Non-duality and 'many / one'

So I remember an old (not Zen) translation from the Tao Te Ching:

Unity begets duality. Duality begets trinity. Trinity begets the 10000 things.

I've recently been looking into case 34 in Cleary's translation of the Book of Serenity... and I'm thinking there's a one/many duality thing going on there. For completeness:

Fengxue said, "If you set up a single atom, the nation flourishes. If you don't set up a single atom, the nation perishes."

Xuedou held up his staff and said, "Are there any mendicants who will die the same and live the same?"

On the face of it I don't see a direct duality between many and one. It seems I have to go through an extra step to get to the 10000 things. There's a couple of ideas in Zen that come close - e.g. when a Zen master says he knows the minds of Buddhas or past Zen masters (presumably because their minds are neither the same nor different etc). I can get none, one, and two...and therefore three....but in Zen dialogs I'm used to more direct dualities, e.g. self and other, or Nirvana and Samsara, or knowing and not knowing, etc. One and many doesn't quite fit the mould for me.

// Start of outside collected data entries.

lemma componentwise_pos_preserved:
  fixes z z' :: "'i \<Rightarrow> real \<Rightarrow> real"
  assumes "finite I" and "0 \<le> S"
    and deriv: "\<And>i s. i \<in> I \<Longrightarrow> s \<in> {0..S} \<Longrightarrow> (z i has_real_derivative z' i s) (at s within {0..S})"
    and init: "\<And>i. i \<in> I \<Longrightarrow> 0 < z i 0"
    and inward: "\<And>s i. s \<in> {0<..S} \<Longrightarrow> i \<in> I \<Longrightarrow> \<forall>j\<in>I. 0 \<le> z j s \<Longrightarrow> z i s = 0 \<Longrightarrow> 0 < z' i s"
  shows "\<forall>i\<in>I. \<forall>t\<in>{0..S}. 0 < z i t"
proof (rule ccontr)
  assume not_pos: "\<not> ?thesis"
  define C where "C = {t \<in> {0..S}. \<exists>i\<in>I. z i t \<le> 0}"
  have cont: "continuous_on {0..S} (z i)" if "i \<in> I" for i
    using deriv[OF that] by (meson DERIV_continuous continuous_on_eq_continuous_within)
  have "C = (\<Union>i\<in>I. {0..S} \<inter> z i -` {..0})"
    unfolding C_def by auto
  then have "closed C"
    using \<open>finite I\<close> cont by (simp only:) (intro closed_UN ballI continuous_closed_preimage; simp)
  moreover have "C \<noteq> {}" and "bdd_below C"
    using not_pos unfolding C_def by (force, auto intro: bdd_belowI[of _ 0])
  ultimately have sC: "Inf C \<in> C"
    by (rule closed_contains_Inf[rotated -1])
  define s where "s = Inf C"
  have before: "\<forall>j\<in>I. 0 < z j r" if "r \<in> {0..S}" and "r < s" for r
  proof -
    have "r \<notin> C"
      using that \<open>bdd_below C\<close> cInf_lower unfolding s_def by force
    then show ?thesis
      using that(1) unfolding C_def by force
  qed
  have "s \<noteq> 0"
    using sC init unfolding C_def s_def by force
  then have s: "0 < s" "s \<le> S"
    using sC unfolding C_def s_def by auto
  have nonneg: "\<forall>j\<in>I. 0 \<le> z j s"
  proof
    fix j assume "j \<in> I"
    have "z j s \<in> {0..}"
    proof (rule mem_closed_at_right_endpoint[OF \<open>0 < s\<close>])
      show "continuous_on {0..s} (z j)"
        using cont[OF \<open>j \<in> I\<close>] by (rule continuous_on_subset) (use s(2) in auto)
      show "\<And>r. r \<in> {0..<s} \<Longrightarrow> z j r \<in> {0..}"
        using before \<open>j \<in> I\<close> s(2) by (auto intro: less_imp_le)
    qed simp
    then show "0 \<le> z j s" by simp
  qed
  obtain i where i: "i \<in> I" "z i s = 0"
    using sC nonneg unfolding C_def s_def by force
  have "0 < z' i s"
    using s by (intro inward[OF _ i(1) nonneg i(2)]) auto
  moreover have "s \<in> {0..S}"
    using s by auto
  ultimately obtain e where "0 < e"
    and e: "\<And>h. 0 < h \<Longrightarrow> s - h \<in> {0..S} \<Longrightarrow> h < e \<Longrightarrow> z i (s - h) < z i s"
    using has_real_derivative_pos_inc_left[OF deriv[OF i(1)]] by blast
  define h where "h = min (e/2) (s/2)"
  have h: "0 < h" "s - h \<in> {0..S}" "h < e" "s - h < s"
    using \<open>0 < e\<close> s unfolding h_def by auto
  have "z i (s - h) < 0"
    using e[OF h(1-3)] i(2) by simp
  moreover have "0 < z i (s - h)"
    using before[OF h(2,4)] i(1) by blast
  ultimately show False
    by simp
qed

lemma componentwise_nonneg_preserved:
  fixes w w' :: "'i \<Rightarrow> real \<Rightarrow> real"
  assumes "finite I" and "0 \<le> S"
    and deriv: "\<And>i s. i \<in> I \<Longrightarrow> s \<in> {0..S} \<Longrightarrow> (w i has_real_derivative w' i s) (at s within {0..S})"
    and init: "\<And>i. i \<in> I \<Longrightarrow> 0 \<le> w i 0"
    and inward: "\<And>d s i. 0 < d \<Longrightarrow> s \<in> {0<..S} \<Longrightarrow> i \<in> I \<Longrightarrow> \<forall>j\<in>I. -d \<le> w j s \<Longrightarrow> w i s = -d
                  \<Longrightarrow> 0 < w' i s + K * d"
  shows "\<forall>i\<in>I. \<forall>t\<in>{0..S}. 0 \<le> w i t"
proof (intro ballI)
  fix i t assume "i \<in> I" and "t \<in> {0..S}"
  \<comment> \<open>The perturbation \<open>e * exp (K * t)\<close> turns the weak inward condition into a strict one.\<close>
  have perturbed: "- (e * exp (K * t)) < w i t" if "0 < e" for e
  proof -
    have "\<forall>i\<in>I. \<forall>t\<in>{0..S}. 0 < w i t + e * exp (K * t)"
    proof (rule componentwise_pos_preserved[OF \<open>finite I\<close> \<open>0 \<le> S\<close>])
      show "((\<lambda>r. w i r + e * exp (K * r)) has_real_derivative w' i s + e * (K * exp (K * s)))
          (at s within {0..S})" if "i \<in> I" "s \<in> {0..S}" for i s
        using deriv[OF that] by (auto intro!: derivative_eq_intros)
      show "0 < w i 0 + e * exp (K * 0)" if "i \<in> I" for i
        using init[OF that] \<open>0 < e\<close> by simp
    next
      fix s i assume s: "s \<in> {0<..S}" and "i \<in> I"
        and nonneg: "\<forall>j\<in>I. 0 \<le> w j s + e * exp (K * s)" and zero: "w i s + e * exp (K * s) = 0"
      have "0 < w' i s + K * (e * exp (K * s))"
        using nonneg zero \<open>0 < e\<close> by (intro inward[OF _ s \<open>i \<in> I\<close>]) (auto simp: algebra_simps)
      then show "0 < w' i s + e * (K * exp (K * s))"
        by (simp add: algebra_simps)
    qed
    then show ?thesis
      using \<open>i \<in> I\<close> \<open>t \<in> {0..S}\<close> by force
  qed
  show "0 \<le> w i t"
  proof (rule ccontr)
    assume "\<not> 0 \<le> w i t"
    then have "0 < - w i t / exp (K * t)"
      by (simp add: divide_neg_pos)
    from perturbed[OF this] show False
      by simp
  qed
qed

lemma has_vector_derivative_inner_const:
  "(f has_vector_derivative f') F \<Longrightarrow> ((\<lambda>t. f t \<bullet> b) has_real_derivative f' \<bullet> b) F"
  unfolding has_real_derivative_iff_has_vector_derivative
  by (rule bounded_linear.has_vector_derivative[OF bounded_linear_inner_left])

lemma has_real_derivative_component_within:
  assumes "\<And>s. s \<in> {0..T} \<Longrightarrow> (f has_vector_derivative f' s) (at s within {0..T})"
    and "t \<le> T" and "s \<in> {0..t}"
  shows "((\<lambda>r. f r \<bullet> b) has_real_derivative f' s \<bullet> b) (at s within {0..t})"
proof -
  have "(f has_vector_derivative f' s) (at s within {0..T})"
    using assms by auto
  then show ?thesis
    by (rule has_vector_derivative_inner_const[OF has_vector_derivative_within_subset]) (use assms(2) in auto)
qed

lemma has_vector_derivative_imp_continuous_on:
  "(\<And>t. t \<in> {a..b} \<Longrightarrow> (Y has_vector_derivative Y' t) (at t within {a..b})) \<Longrightarrow> continuous_on {a..b} Y"
  using has_vector_derivative_continuous continuous_on_eq_continuous_within by blast

lemma mem_before_hit_time:
  assumes "continuous_on {0..T} Y" and "closed V" and "Y 0 \<in> V"
    and "t \<in> {0..T}" and "ereal t \<le> hit_time Y (- V) T" and "s \<in> {0..t}"
  shows "Y s \<in> V"
proof -
  have before: "Y r \<in> V" if "r \<in> {0..<t}" for r
  proof (rule ccontr)
    assume "Y r \<notin> V"
    then have "hit_time Y (- V) T \<le> ereal r"
      unfolding hit_time_def using that \<open>t \<in> {0..T}\<close> by (intro Inf_lower) auto
    then have "ereal t \<le> ereal r"
      using \<open>ereal t \<le> hit_time Y (- V) T\<close> by (rule order_trans[rotated])
    then show False
      using that by simp
  qed
  consider "s < t" | "s = t" "t = 0" | "s = t" "0 < t"
    using \<open>s \<in> {0..t}\<close> by fastforce
  then show ?thesis
  proof cases
    case 3
    have "continuous_on {0..t} Y"
      using assms(1) by (rule continuous_on_subset) (use \<open>t \<in> {0..T}\<close> in auto)
    with \<open>0 < t\<close> show ?thesis
      using mem_closed_at_right_endpoint before \<open>closed V\<close> \<open>s = t\<close> by blast
  qed (use before \<open>s \<in> {0..t}\<close> \<open>Y 0 \<in> V\<close> in auto)
qed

I was reading the Laṅkāvatāra sutra recently - not because it is (necessarily) Zen, but because Zen masters refer to it occasionally (I think) and I wanted the background. It led me to thinking about how the 5 (6? 7?) senses might be self-supporting in their own way. I think I've read about bringing them together, in a Zen context. There's also the obvious idea that multiple senses make up a single reality. That sounds a bit many/one.

Am I just confused by the old Taoist stuff I read once? Has anyone got a more direct formulation of the many/one non-duality?